By 1400 AD, almost all the Anasazi from throughout the Southwest had joined up into large pueblos scattered along the river systems of the Little Colorado and Rio Grande rivers in Arizona and New Mexico. Their descendants are still there in the few surviving pueblos. Why did they leave? It is impossible to find a single cause that can explain it, but there appear to be several that contributed. First, the climate in this period was somewhat unstable with erratic rainfall and periods of drought. This weather problem climaxed with a 38-year drought starting about 1270 that coincided with a world-wide cooling trend which significantly shortened the growing season. Perhaps also, the expanding population had pressed the limits of the land's capacity to support the people so that they were unable to survive the climatic upheavals of the 13th century.

Around 1100 AD, the city of Cahokia, 5 sq. km in area and home to 20,000- 40,000 people, was the largest settlement north of Mexico. It was located 12 kilometres east of the modern city of St. Louis in the United States, near where the Missouri and Mississippi rivers join up. Ruins today consist of 120 earth mounds where civic buildings and the homes of the nobles were located. The city centre, called the sacred precinct, was protected by a log stockade three to four metres high. Here the rulers of Cahokia lived and were buried. At the very centre was a huge earth mound, topped by a pole-framed temple more than 30 metres long. Merchants from Cahokia used the Mississippi and Missouri river systems to trade with people from the Gulf of Mexico to the Great Lakes to the Atlantic coast. After 1200 AD, the city went into decline for as yet unknown reasons, and by 1400 was virtually empty. Perhaps the people of Cahokia suffered from the same climatic changes as the Anasazi farther to the west.

Another example of sophisticated hunting technique of the hunter-gatherer nations of the Great Plains of North America is shown by Head-Smashed-In Buffalo Jump, in Alberta, Canada. This is one of the oldest and best preserved buffalo jumps, in use from about 4000 BC up to 1800 AD. Bison are not stupid, and just like most people, they don't jump off cliffs for no reason. At Head- Smashed-In, there is a kind of optical illusion.
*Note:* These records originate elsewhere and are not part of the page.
(* Let $\mathsf{X}$ be a complex random variable with $\mathbb{E}[|\mathsf{X}|^2]=1$, let $L\ge1$, and let $x_1,\dots,x_L$ be i.i.d. copies of $\mathsf{X}$. Assume there is a constant $\delta>0$ with $|x_\ell|^2\ge\delta$ almost surely for all $\ell$. Let $P>0$, $\sigma_{\mathrm s}^2>0$, and define the average conditional CRB $$\overline{\mathrm{CRB}}_{h_{\mathrm s}}=\frac{\sigma_{\mathrm s}^2}{P}\,\mathbb{E}\!\left[\frac{1}{\sum_{\ell=1}^L|x_\ell|^2}\right].$$ Then $$\overline{\mathrm{CRB}}_{h_{\mathrm s}}\le\frac{\sigma_{\mathrm s}^2}{P}\left[\frac1L+\frac{\mathrm{Var}(|\mathsf{X}|^2)}{L^2\delta}\right].$$
   Context: In the sensing model $\boldsymbol y_{\mathrm s}=\sqrt{P}h_{\mathrm s}\boldsymbol x+\boldsymbol z_{\mathrm s}$ with noise $\mathcal{CN}(\boldsymbol 0,\sigma_{\mathrm s}^2\boldsymbol I_L)$, the conditional CRB for estimating $h_{\mathrm s}$ given $\boldsymbol x=(x_1,\dots,x_L)$ is $\sigma_{\mathrm s}^2/(P\|\boldsymbol x\|^2)$, and the average conditional CRB is its expectation over $\boldsymbol x$, as defined in the claim. The symbols are normalized so that $\mathbb{E}[|\mathsf{X}|^2]=1$. *)

theory Defs
  imports "HOL-Probability.Probability"
begin

definition (in prob_space) avg_CRB :: "real \<Rightarrow> real \<Rightarrow> nat \<Rightarrow> (nat \<Rightarrow> 'a \<Rightarrow> complex) \<Rightarrow> real" where
  "avg_CRB sigma2 P L x = sigma2 / P * expectation (\<lambda>\<omega>. 1 / (\<Sum>l<L. (cmod (x l \<omega>))\<^sup>2))"

end

theory Submission
  imports Defs
begin

text \<open>With \<open>S = (\<Sum>l<L. |x\<^sub>l|\<^sup>2)\<close> and \<open>m = E S = L\<close>, the exact expansion
  \<open>1/S = 1/m - (S - m)/m\<^sup>2 + (S - m)\<^sup>2/(m\<^sup>2 S)\<close> together with \<open>S \<ge> L\<delta>\<close> bounds \<open>1/S\<close> by a
  quadratic polynomial in \<open>S\<close>. Taking expectations, the linear term vanishes and the quadratic
  one contributes \<open>Var S / (L\<^sup>2 \<cdot> L\<delta>)\<close>, where \<open>Var S = L Var |X|\<^sup>2\<close> by independence.\<close>

lemma inverse_le_second_order_bound:
  fixes s m c :: real
  assumes "m > 0" "c > 0" "c \<le> s"
  shows "1 / s \<le> 1 / m - (s - m) / m\<^sup>2 + (s - m)\<^sup>2 / (m\<^sup>2 * c)"
proof -
  have "s > 0" using assms by linarith
  then have "1 / s = 1 / m - (s - m) / m\<^sup>2 + (s - m)\<^sup>2 / (m\<^sup>2 * s)"
    using \<open>m > 0\<close> by (simp add: field_simps power2_eq_square)
  also have "(s - m)\<^sup>2 / (m\<^sup>2 * s) \<le> (s - m)\<^sup>2 / (m\<^sup>2 * c)"
    using assms by (intro divide_left_mono mult_left_mono) auto
  finally show ?thesis by simp
qed

context prob_space
begin

lemma integrable_eq_of_distr_eq:
  fixes f :: "'b \<Rightarrow> 'c::{banach, second_countable_topology}"
  assumes "random_variable N X" "random_variable N Y" "distr M N X = distr M N Y"
    and "f \<in> borel_measurable N"
  shows "integrable M (\<lambda>\<omega>. f (X \<omega>)) \<longleftrightarrow> integrable M (\<lambda>\<omega>. f (Y \<omega>))"
  using assms by (simp add: integrable_distr_eq[symmetric])

lemma expectation_eq_of_distr_eq:
  fixes f :: "'b \<Rightarrow> 'c::{banach, second_countable_topology}"
  assumes "random_variable N X" "random_variable N Y" "distr M N X = distr M N Y"
    and "f \<in> borel_measurable N"
  shows "expectation (\<lambda>\<omega>. f (X \<omega>)) = expectation (\<lambda>\<omega>. f (Y \<omega>))"
  using assms by (simp add: integral_distr[symmetric])

lemma expectation_inverse_le:
  fixes S :: "'a \<Rightarrow> real"
  assumes S: "integrable M S" "integrable M (\<lambda>\<omega>. (S \<omega>)\<^sup>2)"
    and "c > 0" and S_ge: "AE \<omega> in M. c \<le> S \<omega>"
  shows "expectation (\<lambda>\<omega>. 1 / S \<omega>) \<le> 1 / expectation S + variance S / ((expectation S)\<^sup>2 * c)"
proof -
  define m where "m = expectation S"
  define g where "g \<omega> = 1 / m - (S \<omega> - m) / m\<^sup>2 + (S \<omega> - m)\<^sup>2 / (m\<^sup>2 * c)" for \<omega>
  have "c \<le> m"
    unfolding m_def using integral_mono_AE[OF _ S(1) S_ge] prob_space by simp
  with \<open>c > 0\<close> have "m > 0" by linarith
  have g_ge: "AE \<omega> in M. 1 / S \<omega> \<le> g \<omega>"
    using S_ge by eventually_elim (use inverse_le_second_order_bound \<open>m > 0\<close> \<open>c > 0\<close> g_def in auto)
  moreover have "AE \<omega> in M. 0 \<le> g \<omega>"
    using S_ge g_ge by eventually_elim (use \<open>c > 0\<close> in \<open>auto intro: order_trans[rotated]\<close>)
  moreover have sq: "integrable M (\<lambda>\<omega>. (S \<omega> - m)\<^sup>2)"
    using S by (simp add: power2_diff)
  then have "integrable M g"
    unfolding g_def using S by simp
  ultimately have "expectation (\<lambda>\<omega>. 1 / S \<omega>) \<le> expectation g"
    by (rule integral_mono_AE'[rotated])
  also have "expectation g = 1 / m + variance S / (m\<^sup>2 * c)"
    unfolding g_def m_def using S sq[unfolded m_def] by (simp add: prob_space)
  finally show ?thesis unfolding m_def .
qed

lemma indep_vars_expectation_mult:
  fixes Y :: "'i \<Rightarrow> 'a \<Rightarrow> real"
  assumes "indep_vars (\<lambda>_. borel) Y I" "i \<in> I" "j \<in> I" "i \<noteq> j"
    and "integrable M (Y i)" "integrable M (Y j)"
  shows indep_vars_integrable_mult: "integrable M (\<lambda>\<omega>. Y i \<omega> * Y j \<omega>)"
    and "expectation (\<lambda>\<omega>. Y i \<omega> * Y j \<omega>) = expectation (Y i) * expectation (Y j)"
proof -
  have ind: "indep_vars (\<lambda>_. borel) Y {i, j}"
    using assms(1) by (rule indep_vars_subset) (use assms(2,3) in auto)
  have int: "\<And>k. k \<in> {i, j} \<Longrightarrow> integrable M (Y k)"
    using assms(5,6) by auto
  show "integrable M (\<lambda>\<omega>. Y i \<omega> * Y j \<omega>)"
    using indep_vars_integrable[OF _ ind int] assms(4) by simp
  show "expectation (\<lambda>\<omega>. Y i \<omega> * Y j \<omega>) = expectation (Y i) * expectation (Y j)"
    using indep_vars_lebesgue_integral[OF _ ind int] assms(4) by simp
qed

lemma
  fixes Y :: "'i \<Rightarrow> 'a \<Rightarrow> real"
  assumes "finite I" "indep_vars (\<lambda>_. borel) Y I"
    and int: "\<And>i. i \<in> I \<Longrightarrow> integrable M (Y i)"
    and int_sq: "\<And>i. i \<in> I \<Longrightarrow> integrable M (\<lambda>\<omega>. (Y i \<omega>)\<^sup>2)"
  shows indep_vars_integrable_sum_square: "integrable M (\<lambda>\<omega>. (\<Sum>i\<in>I. Y i \<omega>)\<^sup>2)"
    and variance_sum_indep: "variance (\<lambda>\<omega>. \<Sum>i\<in>I. Y i \<omega>) = (\<Sum>i\<in>I. variance (Y i))"
proof -
  have sum_sq: "(\<Sum>i\<in>I. Y i \<omega>)\<^sup>2 = (\<Sum>i\<in>I. \<Sum>j\<in>I. Y i \<omega> * Y j \<omega>)" for \<omega>
    unfolding power2_eq_square by (rule sum_product)
  have int_mult: "integrable M (\<lambda>\<omega>. Y i \<omega> * Y j \<omega>)" if "i \<in> I" "j \<in> I" for i j
    using int_sq[OF that(1)] indep_vars_integrable_mult[OF assms(2) that _ int int] that
    by (cases "i = j") (auto simp: power2_eq_square)
  show int_sum_sq: "integrable M (\<lambda>\<omega>. (\<Sum>i\<in>I. Y i \<omega>)\<^sup>2)"
    unfolding sum_sq using int_mult by auto
  have cov: "expectation (\<lambda>\<omega>. Y i \<omega> * Y j \<omega>)
      = expectation (Y i) * expectation (Y j) + (if i = j then variance (Y i) else 0)"
    if "i \<in> I" "j \<in> I" for i j
    using variance_eq[OF int int_sq, OF that(1)] indep_vars_expectation_mult(2)[OF assms(2) that _ int int] that
    by (cases "i = j") (auto simp: power2_eq_square)
  have "expectation (\<lambda>\<omega>. (\<Sum>i\<in>I. Y i \<omega>)\<^sup>2)
      = (\<Sum>i\<in>I. \<Sum>j\<in>I. expectation (\<lambda>\<omega>. Y i \<omega> * Y j \<omega>))"
    unfolding sum_sq using int_mult by (simp add: Bochner_Integration.integral_sum)
  also have "\<dots> = (\<Sum>i\<in>I. expectation (Y i))\<^sup>2 + (\<Sum>i\<in>I. variance (Y i))"
    using cov by (simp add: sum.distrib power2_eq_square sum_product \<open>finite I\<close>)
  moreover have "expectation (\<lambda>\<omega>. \<Sum>i\<in>I. Y i \<omega>) = (\<Sum>i\<in>I. expectation (Y i))"
    using int by (simp add: Bochner_Integration.integral_sum)
  ultimately show "variance (\<lambda>\<omega>. \<Sum>i\<in>I. Y i \<omega>) = (\<Sum>i\<in>I. variance (Y i))"
    using int int_sum_sq by (subst variance_eq) auto
qed

lemma expectation_inverse_sum_le:
  fixes Y :: "'i \<Rightarrow> 'a \<Rightarrow> real" and V \<delta> :: real
  assumes "finite I" "I \<noteq> {}" and indep: "indep_vars (\<lambda>_. borel) Y I"
    and int: "\<And>i. i \<in> I \<Longrightarrow> integrable M (Y i)"
    and int_sq: "\<And>i. i \<in> I \<Longrightarrow> integrable M (\<lambda>\<omega>. (Y i \<omega>)\<^sup>2)"
    and mean: "\<And>i. i \<in> I \<Longrightarrow> expectation (Y i) = 1"
    and var: "\<And>i. i \<in> I \<Longrightarrow> variance (Y i) = V"
    and "\<delta> > 0" and Y_ge: "\<And>i. i \<in> I \<Longrightarrow> AE \<omega> in M. \<delta> \<le> Y i \<omega>"
  shows "expectation (\<lambda>\<omega>. 1 / (\<Sum>i\<in>I. Y i \<omega>)) \<le> 1 / real (card I) + V / ((real (card I))\<^sup>2 * \<delta>)"
proof -
  define n where "n = real (card I)"
  have "n > 0"
    unfolding n_def using assms(1,2) by (simp add: card_gt_0_iff)
  have "AE \<omega> in M. \<forall>i\<in>I. \<delta> \<le> Y i \<omega>"
    using Y_ge by (intro eventually_ball_finite \<open>finite I\<close>) auto
  then have sum_ge: "AE \<omega> in M. n * \<delta> \<le> (\<Sum>i\<in>I. Y i \<omega>)"
    by eventually_elim (use sum_mono[of I "\<lambda>_. \<delta>"] n_def in auto)
  have "expectation (\<lambda>\<omega>. 1 / (\<Sum>i\<in>I. Y i \<omega>))
      \<le> 1 / expectation (\<lambda>\<omega>. \<Sum>i\<in>I. Y i \<omega>)
        + variance (\<lambda>\<omega>. \<Sum>i\<in>I. Y i \<omega>) / ((expectation (\<lambda>\<omega>. \<Sum>i\<in>I. Y i \<omega>))\<^sup>2 * (n * \<delta>))"
    using int \<open>n > 0\<close> \<open>\<delta> > 0\<close>
    by (intro expectation_inverse_le indep_vars_integrable_sum_square[OF \<open>finite I\<close> indep int int_sq]
        sum_ge) auto
  also have "\<dots> = 1 / n + n * V / (n\<^sup>2 * (n * \<delta>))"
    using variance_sum_indep[OF \<open>finite I\<close> indep int int_sq] int mean var
    by (simp add: Bochner_Integration.integral_sum n_def)
  also have "\<dots> = 1 / real (card I) + V / ((real (card I))\<^sup>2 * \<delta>)"
    using \<open>n > 0\<close> by (simp add: n_def field_simps power2_eq_square)
  finally show ?thesis .
qed

end

theorem lemma2:
  fixes M :: "'a measure" and X :: "'a \<Rightarrow> complex" and x :: "nat \<Rightarrow> 'a \<Rightarrow> complex"
    and L :: nat and \<delta> P sigma2 :: real
  assumes "prob_space M"
    and "X \<in> borel_measurable M"
    and "integrable M (\<lambda>\<omega>. (cmod (X \<omega>))\<^sup>2)"
    and "prob_space.expectation M (\<lambda>\<omega>. (cmod (X \<omega>))\<^sup>2) = 1"
    and "integrable M (\<lambda>\<omega>. ((cmod (X \<omega>))\<^sup>2)\<^sup>2)"
    and "L \<ge> 1"
    and "prob_space.indep_vars M (\<lambda>_. borel) x {..<L}"
    and "\<And>l. l < L \<Longrightarrow> distr M borel (x l) = distr M borel X"
    and "\<delta> > 0"
    and "\<And>l. l < L \<Longrightarrow> (AE \<omega> in M. (cmod (x l \<omega>))\<^sup>2 \<ge> \<delta>)"
    and "P > 0" and "sigma2 > 0"
  shows "prob_space.avg_CRB M sigma2 P L x
           \<le> sigma2 / P * (1 / real L
               + prob_space.variance M (\<lambda>\<omega>. (cmod (X \<omega>))\<^sup>2) / ((real L)\<^sup>2 * \<delta>))"
proof -
  interpret prob_space M by fact
  define Y where "Y l \<omega> = (cmod (x l \<omega>))\<^sup>2" for l \<omega>
  have x_rv: "random_variable borel (x l)" if "l < L" for l
    using assms(7) that unfolding indep_vars_def by auto
  have "expectation (\<lambda>\<omega>. 1 / (\<Sum>l\<in>{..<L}. Y l \<omega>)) \<le> 1 / real (card {..<L})
      + variance (\<lambda>\<omega>. (cmod (X \<omega>))\<^sup>2) / ((real (card {..<L}))\<^sup>2 * \<delta>)"
  proof (rule expectation_inverse_sum_le)
    show "indep_vars (\<lambda>_. borel) Y {..<L}"
      unfolding Y_def by (rule indep_vars_compose2[OF assms(7)]) auto
    fix l assume "l \<in> {..<L}"
    then have "l < L" by simp
    note transfer_integrable = integrable_eq_of_distr_eq[OF x_rv[OF this] assms(2) assms(8)[OF this]]
    note transfer_expectation = expectation_eq_of_distr_eq[OF x_rv[OF \<open>l < L\<close>] assms(2) assms(8)[OF \<open>l < L\<close>]]
    show "integrable M (Y l)"
      unfolding Y_def using transfer_integrable[of "\<lambda>z. (cmod z)\<^sup>2"] assms(3) by simp
    show "integrable M (\<lambda>\<omega>. (Y l \<omega>)\<^sup>2)"
      unfolding Y_def using transfer_integrable[of "\<lambda>z. ((cmod z)\<^sup>2)\<^sup>2"] assms(5) by simp
    show mean: "expectation (Y l) = 1"
      unfolding Y_def using transfer_expectation[of "\<lambda>z. (cmod z)\<^sup>2"] assms(4) by simp
    show "variance (Y l) = variance (\<lambda>\<omega>. (cmod (X \<omega>))\<^sup>2)"
      unfolding mean using transfer_expectation[of "\<lambda>z. ((cmod z)\<^sup>2 - 1)\<^sup>2"] assms(4)
      by (simp add: Y_def)
    show "AE \<omega> in M. \<delta> \<le> Y l \<omega>"
      unfolding Y_def using assms(10) \<open>l < L\<close> .
  qed (use assms(6,9) in \<open>auto simp: lessThan_empty_iff\<close>)
  then show ?thesis
    unfolding avg_CRB_def Y_def using assms(11,12) by (intro mult_left_mono) auto
qed

end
Although 10 metres high, the grassy cliff edge blends into fields beyond, and from a distance, there does not appear to be a drop at all.

When the herd of bison was located, your band would pack up camp, moving to the temporary camp closer to the buffalo. The people walked there on foot, using dogs to help them on their way. Upon arriving you set up camp, putting up tipis and racks to dry meat. Imitating a lost calf, a buffalo runner would try and trick the herd into following the pitiful bleating. As the buffalo neared the cliff, all the other hunters would sneak up behind the herd and scare the animals. Suddenly the older cows who usually lead the herd, as they get close enough, see the cliff edge, but with several hundred stampeding bison behind there is no chance to stop and turn, and soon dozens of animals are tumbling over the cliff. Later after the meat was prepared and everything was ready, there were great feasts. Food was not a worry again, at least for a little while.